Objective:To explore the occurrence and influencing factors of serum uric acid elevation in patients with coronavirus disease 2019 (COVID-19) treated with favipiravir.Methods:Medical records of patients with COVID-19 who were hospitalized in Beijing Ditan Hospital between June 1, 2020 and June 30, 2021 and treated with the 5- or 10-day regimen of favipiravir were collected and retrospectively analyzed. After favipiravir withdrawal, if the elevation in serum uric acid was ≥30% of baseline level, it was defined as serum uric acid elevation. Then patients were divided into serum uric acid elevation group and non-serum uric acid elevation group.

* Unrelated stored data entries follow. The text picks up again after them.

(* Let $M\in\mathbb{R}$ and let $f:B(0,e^M)\to\mathbb{R}^2$ be a quasiconformal map with $f(0)=0$. Suppose that for some $t_0<M$ the image under $f$ of the circle $\{|z|=e^{t_0}\}$ is a non-rectifiable curve. Then $\widetilde{\rho_f}$ is not bi-Lipschitz at $t_0$, i.e. it is not bi-Lipschitz on any neighbourhood of $t_0$.
   Context: Mean radius: for $0<r<e^M$, $\rho_f(r)=\left(\operatorname{area} f(B(0,r))/\pi\right)^{1/2}$, where area is two-dimensional Lebesgue measure. Its logarithmic transform is $\widetilde{\rho_f}:(-\infty,M)\to\mathbb{R}$, $\widetilde{\rho_f}(t)=\ln\rho_f(e^t)$. *)

theory Defs
  imports "HOL-Analysis.Analysis"
begin

text \<open>The plane R^2 is identified with the complex numbers.\<close>

definition max_stretch :: "(complex \<Rightarrow> complex) \<Rightarrow> complex \<Rightarrow> real \<Rightarrow> real" where
  "max_stretch f x r = Sup ((\<lambda>y. norm (f y - f x)) ` sphere x r)"

definition min_stretch :: "(complex \<Rightarrow> complex) \<Rightarrow> complex \<Rightarrow> real \<Rightarrow> real" where
  "min_stretch f x r = Inf ((\<lambda>y. norm (f y - f x)) ` sphere x r)"

text \<open>Quasiconformal map on an open set S (metric definition): a homeomorphism of S onto
  its image whose linear dilatation limsup_{r->0} L_f(x,r)/l_f(x,r) is uniformly bounded on S.\<close>
definition quasiconformal_on :: "complex set \<Rightarrow> (complex \<Rightarrow> complex) \<Rightarrow> bool" where
  "quasiconformal_on S f \<longleftrightarrow>
     open S \<and> inj_on f S \<and> continuous_on S f \<and> continuous_on (f ` S) (inv_into S f) \<and>
     (\<exists>H::real. \<forall>x\<in>S.
        Limsup (at_right 0) (\<lambda>r. ereal (max_stretch f x r / min_stretch f x r)) \<le> ereal H)"

definition rectifiable_curve :: "(real \<Rightarrow> complex) \<Rightarrow> bool" where
  "rectifiable_curve g \<longleftrightarrow>
     (\<exists>B::real. \<forall>(n::nat) (t::nat \<Rightarrow> real).
        (\<forall>i\<le>n. t i \<in> {0..1}) \<and> (\<forall>i<n. t i \<le> t (Suc i)) \<longrightarrow>
        (\<Sum>i<n. norm (g (t (Suc i)) - g (t i))) \<le> B)"

definition mean_radius :: "(complex \<Rightarrow> complex) \<Rightarrow> real \<Rightarrow> real" where
  "mean_radius f r = sqrt (measure lebesgue (f ` ball 0 r) / pi)"

definition log_mean_radius :: "(complex \<Rightarrow> complex) \<Rightarrow> real \<Rightarrow> real" where
  "log_mean_radius f t = ln (mean_radius f (exp t))"

definition bi_lipschitz_on :: "real set \<Rightarrow> (real \<Rightarrow> real) \<Rightarrow> bool" where
  "bi_lipschitz_on U g \<longleftrightarrow>
     (\<exists>L>0. \<forall>s\<in>U. \<forall>t\<in>U. \<bar>s - t\<bar> \<le> L * \<bar>g s - g t\<bar> \<and> \<bar>g s - g t\<bar> \<le> L * \<bar>s - t\<bar>)"

definition bi_lipschitz_at :: "real \<Rightarrow> real \<Rightarrow> (real \<Rightarrow> real) \<Rightarrow> bool" where
  "bi_lipschitz_at M t0 g \<longleftrightarrow>
     (\<exists>U. open U \<and> t0 \<in> U \<and> U \<subseteq> {..<M} \<and> bi_lipschitz_on U g)"

end

(*
  Suppose the log mean radius is bi-Lipschitz near t0 and put R = exp t0. With A r the area of
  f(B(0,r)), the upper Lipschitz bound gives A(R + d) - A(R - d) = O(d). Cut the circle |z| = R
  into N arcs of angular length 2 pi/N, put d = 2 pi R/N, pick a point x_m on the m-th arc and
  let l_m be the least distance from f(x_m) to the image of the circle of radius d around x_m.
  Quasiconformality makes f(B(x_m,d)) contain the disc of radius l_m around f(x_m), and makes the
  image of the m-th arc have diameter at most 2 H l_m. The balls B(x_m,d) fall into ten families of
  pairwise disjoint balls inside the annulus R - d < |z| < R + d, so pi * sum l_m^2 = O(d), and by
  Cauchy-Schwarz sum l_m = O(1) uniformly in N. Covers of the image curve of arbitrarily small mesh
  with bounded total oscillation force it to be rectifiable. As the distortion bound holds only
  below a radius depending on the point, this runs on the closed sets of parameters where it holds
  below rho_k, with rho_k -> 0; these exhaust the circle, and the length bound passes to the limit
  by continuity of the measure.
*)

theory Submission
  imports Defs "HOL-Homology.Invariance_of_Domain"
begin

section \<open>Rectifiability from covers of small total oscillation\<close>

definition oscillation_cover :: "(real \<Rightarrow> complex) \<Rightarrow> real set \<Rightarrow> real \<Rightarrow> real \<Rightarrow> bool" where
  "oscillation_cover g S \<beta> B \<longleftrightarrow>
     (\<exists>(N::nat) c w \<beta>'. \<beta>' \<le> \<beta> \<and> (\<forall>m<N. 0 \<le> w m) \<and> (\<Sum>m<N. w m) \<le> B \<and>
        S \<subseteq> (\<Union>m<N. {c m..c m + \<beta>'}) \<and>
        (\<forall>m<N. \<forall>y\<in>{c m..c m + \<beta>'} \<inter> S. \<forall>z\<in>{c m..c m + \<beta>'} \<inter> S. norm (g y - g z) \<le> w m))"

lemma card_le_2_if_no_three_increasing:
  fixes I :: "'a::linorder set"
  assumes "finite I" and no3: "\<And>i j l. i \<in> I \<Longrightarrow> j \<in> I \<Longrightarrow> l \<in> I \<Longrightarrow> i < j \<Longrightarrow> j < l \<Longrightarrow> False"
  shows "card I \<le> 2"
proof (cases "I = {}")
  case False
  have "I \<subseteq> {Min I, Max I}"
  proof
    fix j assume j: "j \<in> I"
    have "Min I \<le> j" "j \<le> Max I" "Min I \<in> I" "Max I \<in> I"
      using \<open>finite I\<close> False j by auto
    with no3[of "Min I" j "Max I"] j show "j \<in> {Min I, Max I}"
      by (cases "Min I < j"; cases "j < Max I") auto
  qed
  then have "card I \<le> card {Min I, Max I}" by (rule card_mono[rotated]) simp
  also have "\<dots> \<le> 2" by (simp add: card_insert_if)
  finally show ?thesis .
qed simp

lemma measure_le_of_dist_le:
  fixes S :: "real set"
  assumes "S \<in> sets lborel" "\<And>y z. y \<in> S \<Longrightarrow> z \<in> S \<Longrightarrow> \<bar>y - z\<bar> \<le> w" "w \<ge> 0"
  shows "measure lborel S \<le> 2 * w"
proof (cases "S = {}")
  case False
  then obtain y0 where "y0 \<in> S" by auto
  then have "S \<subseteq> {y0 - w..y0 + w}"
    using assms(2) by (force simp: abs_le_iff)
  then have "measure lborel S \<le> measure lborel {y0 - w..y0 + w}"
    using assms(1) by (intro measure_mono_fmeasurable) (auto intro: fmeasurable_compact)
  then show ?thesis using \<open>w \<ge> 0\<close> by simp
qed (use assms in simp)

lemma measure_image_norm_diff_le:
  fixes g :: "real \<Rightarrow> 'a::real_normed_vector"
  assumes "compact Z" "continuous_on Z g" "\<And>y z. y \<in> Z \<Longrightarrow> z \<in> Z \<Longrightarrow> norm (g y - g z) \<le> w" "w \<ge> 0"
  shows "measure lborel ((\<lambda>s. norm (g s - a)) ` Z) \<le> 2 * w"
proof (rule measure_le_of_dist_le)
  have "continuous_on Z (\<lambda>s. norm (g s - a))"
    using assms(2) by (intro continuous_intros)
  then show "(\<lambda>s. norm (g s - a)) ` Z \<in> sets lborel"
    using assms(1) by (simp add: borel_compact compact_continuous_image)
  show "\<bar>u - v\<bar> \<le> w" if u: "u \<in> (\<lambda>s. norm (g s - a)) ` Z" and v: "v \<in> (\<lambda>s. norm (g s - a)) ` Z" for u v
  proof -
    obtain y z where "y \<in> Z" "z \<in> Z" "u = norm (g y - a)" "v = norm (g z - a)"
      using u v by blast
    then show ?thesis
      using assms(3)[of y z] norm_triangle_ineq3[of "g y - a" "g z - a"] by simp
  qed
qed fact

lemma measure_image_subsingleton:
  fixes h :: "'a \<Rightarrow> real"
  assumes "\<And>y z. y \<in> Z \<Longrightarrow> z \<in> Z \<Longrightarrow> y = z"
  shows "measure lborel (h ` Z) = 0"
proof -
  have "Z = {} \<or> (\<exists>y. Z = {y})" using assms by blast
  then show ?thesis by auto
qed

lemma norm_diff_le_measure_image:
  fixes g :: "real \<Rightarrow> 'a::real_normed_vector"
  assumes "a \<le> b" "continuous_on {a..b} g"
  shows "norm (g b - g a) \<le> measure lborel ((\<lambda>s. norm (g s - g a)) ` {a..b})"
proof -
  let ?h = "\<lambda>s. norm (g s - g a)"
  have "continuous_on {a..b} ?h"
    using assms(2) by (intro continuous_intros)
  then have "compact (?h ` {a..b})" "connected (?h ` {a..b})"
    by (auto intro: compact_continuous_image connected_continuous_image)
  moreover have "0 \<in> ?h ` {a..b}" "norm (g b - g a) \<in> ?h ` {a..b}"
    using assms(1) by force+
  ultimately have "{0..norm (g b - g a)} \<subseteq> ?h ` {a..b}"
    using connected_contains_Icc by blast
  with \<open>compact (?h ` {a..b})\<close> have "measure lborel {0..norm (g b - g a)} \<le> measure lborel (?h ` {a..b})"
    by (intro measure_mono_fmeasurable) (auto intro: fmeasurable_compact)
  then show ?thesis by simp
qed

The clinical characteristics such as gender, age, body mass index, comorbidities, smoking and drinking behavior, COVID-19 grade, favipiravir regimen, and serum uric acid level and renal function before treatment in patients between the 2 groups were compared. Influencing factors of favipiravir-associated serum uric acid elevation was analyzed using multivariate logistic regression method.Results:A total of 179 patients were included in the analysis, including 104 (58.1%) males and 75 (41.9%) females, aged from 19 to 70 years with a median age of 43 years. The level of serum uric acid in 179 patients after favipiravir treatment was significantly higher than before [(451±119) μmol/L vs. (332±94) μmol/L, P<0.001]. The change rate of serum uric acid from baseline level ranged from -57.1% to 157.8% with the median of 38.6%. The elevation in serum uric acid of ≥ 30% of baseline level occurred in 108 (60.3%) patients. The incidences of serum uric acid elevation in patients treated with 5-day and 10-day regimens of favipiravir were 46.8% (36/77) and 70.6% (72/102), respectively, and the difference between them was significant ( P=0.001). Multivariate logistic regression analysis showed that body mass index 24.0 to <28.0 kg/m 2 ( OR=3.109, 95 %CI: 1.209-7.994, P=0.019) and 10-day regimen of favipiravir ( OR=3.017, 95 %CI: 1.526-5.964, P=0.001) were independent risk factors for favipiravir-associated serum uric acid elevation. Conclusions:More than half of COVID-19 patients treated with favipiravir can develop serum uric acid elevation. Overweight and 10-day regimen of favipiravir are independent risk factors for serum uric acid elevation in patients.